Socially conscious!  Tea Talk’s events, whether they be recreational, educational, environmental or social work have gained much interest not only among the Hanoi community but also among communities in Singapore, the Philippines, Russia and USA.  Within Vietnam, Tea Talk has been invited by some provincial authorities to start similar cafes in their respective areas.  A group of master’s and PhD students from the Philippines made a study trip to Vietnam and made Tea Talk one of their stops.  A talk show, “20 Years Old and their Crises” attracted 94 people. “Silent Night”, an event to create awareness of the challenges faced by people with hearing loss attracted 64 participants.  The list goes on.  Over the past 12 months, Tea Talk has initiated and sponsored numerous activities and events that are beneficial to the community.  So, as far as social impact is concerned, has Tea Talk experienced a respectable degree of success?  
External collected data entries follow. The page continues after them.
lemma prob_no_two_consecutive_Suc_Suc:
  fixes X :: "nat \<Rightarrow> 'a \<Rightarrow> bool"
  assumes ind: "indep_vars (\<lambda>_. count_space UNIV) X UNIV"
    and pX: "\<And>i. prob {\<omega> \<in> space M. X i \<omega>} = 1 - u"
  shows "prob {\<omega> \<in> space M. no_two_consecutive (Suc (Suc k)) (\<lambda>i. X i \<omega>)}
    \<le> u * prob {\<omega> \<in> space M. no_two_consecutive (Suc k) (\<lambda>i. X i \<omega>)}
      + u * (1 - u) * prob {\<omega> \<in> space M. no_two_consecutive k (\<lambda>i. X i \<omega>)}"
proof -
  have rv: "random_variable (count_space UNIV) (X i)" for i
    using ind by (simp add: indep_vars_def)
  have ev: "{\<omega> \<in> space M. P (\<lambda>i. X i \<omega>)} \<in> events"
    if "\<And>v. P (restrict v {..<n}) = P v" for P n
    by (rule events_finite_block[where J = "{..<n}" and X = X and P = P]) (simp_all add: rv that)
  have indep: "prob {\<omega> \<in> space M. P (\<lambda>i. X i \<omega>) \<and> X n \<omega> = b}
      = prob {\<omega> \<in> space M. P (\<lambda>i. X i \<omega>)} * prob {\<omega> \<in> space M. X n \<omega> = b}"
    if "\<And>v. P (restrict v {..<n}) = P v" for P n b
    by (rule prob_finite_block_inter_indep[where J = "{..<n}" and P = P, OF ind]) (simp_all add: that)
  have pF: "prob {\<omega> \<in> space M. X i \<omega> = False} = u" for i
  proof -
    have "{\<omega> \<in> space M. X i \<omega> = False} = space M - {\<omega> \<in> space M. X i \<omega>}" by auto
    moreover have "{\<omega> \<in> space M. X i \<omega>} \<in> events"
      using ev[of "\<lambda>v. v i" "Suc i"] by simp
    ultimately show ?thesis using prob_compl pX by simp
  qed
  let ?A = "{\<omega> \<in> space M. no_two_consecutive (Suc k) (\<lambda>i. X i \<omega>) \<and> X (Suc k) \<omega> = False}"
  let ?B = "{\<omega> \<in> space M. (no_two_consecutive k (\<lambda>i. X i \<omega>) \<and> \<not> X k \<omega>) \<and> X (Suc k) \<omega> = True}"
  have A: "?A \<in> events"
    using ev[of "\<lambda>v. no_two_consecutive (Suc k) v \<and> v (Suc k) = False" "Suc (Suc k)"]
    by (simp add: no_two_consecutive_restrict)
  have B: "?B \<in> events"
    using ev[of "\<lambda>v. (no_two_consecutive k v \<and> \<not> v k) \<and> v (Suc k) = True" "Suc (Suc k)"]
    by (simp add: no_two_consecutive_restrict)
  have "{\<omega> \<in> space M. no_two_consecutive (Suc (Suc k)) (\<lambda>i. X i \<omega>)} \<subseteq> ?A \<union> ?B"
    using no_two_consecutive_Suc_SucD by auto
  then have "prob {\<omega> \<in> space M. no_two_consecutive (Suc (Suc k)) (\<lambda>i. X i \<omega>)} \<le> prob (?A \<union> ?B)"
    using A B by (intro finite_measure_mono) auto
  also have "\<dots> \<le> prob ?A + prob ?B"
    using A B by (rule measure_Un_le)
  also have "prob ?A = prob {\<omega> \<in> space M. no_two_consecutive (Suc k) (\<lambda>i. X i \<omega>)} * u"
    using indep[of "no_two_consecutive (Suc k)" "Suc k" False] pF
    by (simp add: no_two_consecutive_restrict)
  also have "prob ?B = prob {\<omega> \<in> space M. no_two_consecutive k (\<lambda>i. X i \<omega>) \<and> X k \<omega> = False} * (1 - u)"
    using indep[of "\<lambda>v. no_two_consecutive k v \<and> \<not> v k" "Suc k" True] pX
    by (simp add: no_two_consecutive_restrict)
  also have "prob {\<omega> \<in> space M. no_two_consecutive k (\<lambda>i. X i \<omega>) \<and> X k \<omega> = False}
      = prob {\<omega> \<in> space M. no_two_consecutive k (\<lambda>i. X i \<omega>)} * u"
    using indep[of "no_two_consecutive k" k False] pF
    by (simp add: no_two_consecutive_restrict)
  finally show ?thesis by (simp add: algebra_simps)
qed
People first! What do we mean by people first? Sharing with a group of students from the Academy of Finance, a shy but bright girl asked me the question, “Is Tea Talk successful?” This question struck at the core of my heart.  I reasoned in my mind how to answer this genuine question honestly and honorably. Is some respects, Tea Talk has not been successful.  In short, we could reasonably conclude: “No money = no Tea Talk”.  Tea Talk cannot continue to make losses.  There is a time to call it quits and cut losses.  And yet, at the same time, the events and invitations to start other Tea Talks in other places does not make sense.  Tea Talk has yet to prove the business model works.  So what if 94 people came to the Talk Show?  How do I truly measure the social impact?  How many lives must Tea Talk touch to say that Tea Talk has been successful?  A student in the class suggested 1,000.  Another suggested 10,000.  Really! How many is enough?

I remembered a story that described a girl running up and down the shoreline, bending over and stretching her hands towards the horizon.  From afar, you couldn’t really tell what she was doing.  You would most likely think she was simply having fun.

However, it turns out that the tide was low and the sand was littered with thousands of stranded starfish that the water had carried in and then left behind.  With the sun rising quickly, the starfish would die if left on the beach's dry sand.

Onto the scene came an old man who walked up to the little girl and asked, "What are you doing?" 

"I'm saving the starfish," the girl replied.

“There are so many of them. You can’t save them all. Why waste your time?” asked the old man.

Without hesitation, the girl picked up another starfish and tossed the starfish back into the water saying, "It matters to this one".

Tea Talk has not helped 10,000, not even to say a thousand. Like the little girl, even if Tea Talk has only helped ONE person, I think it is enough.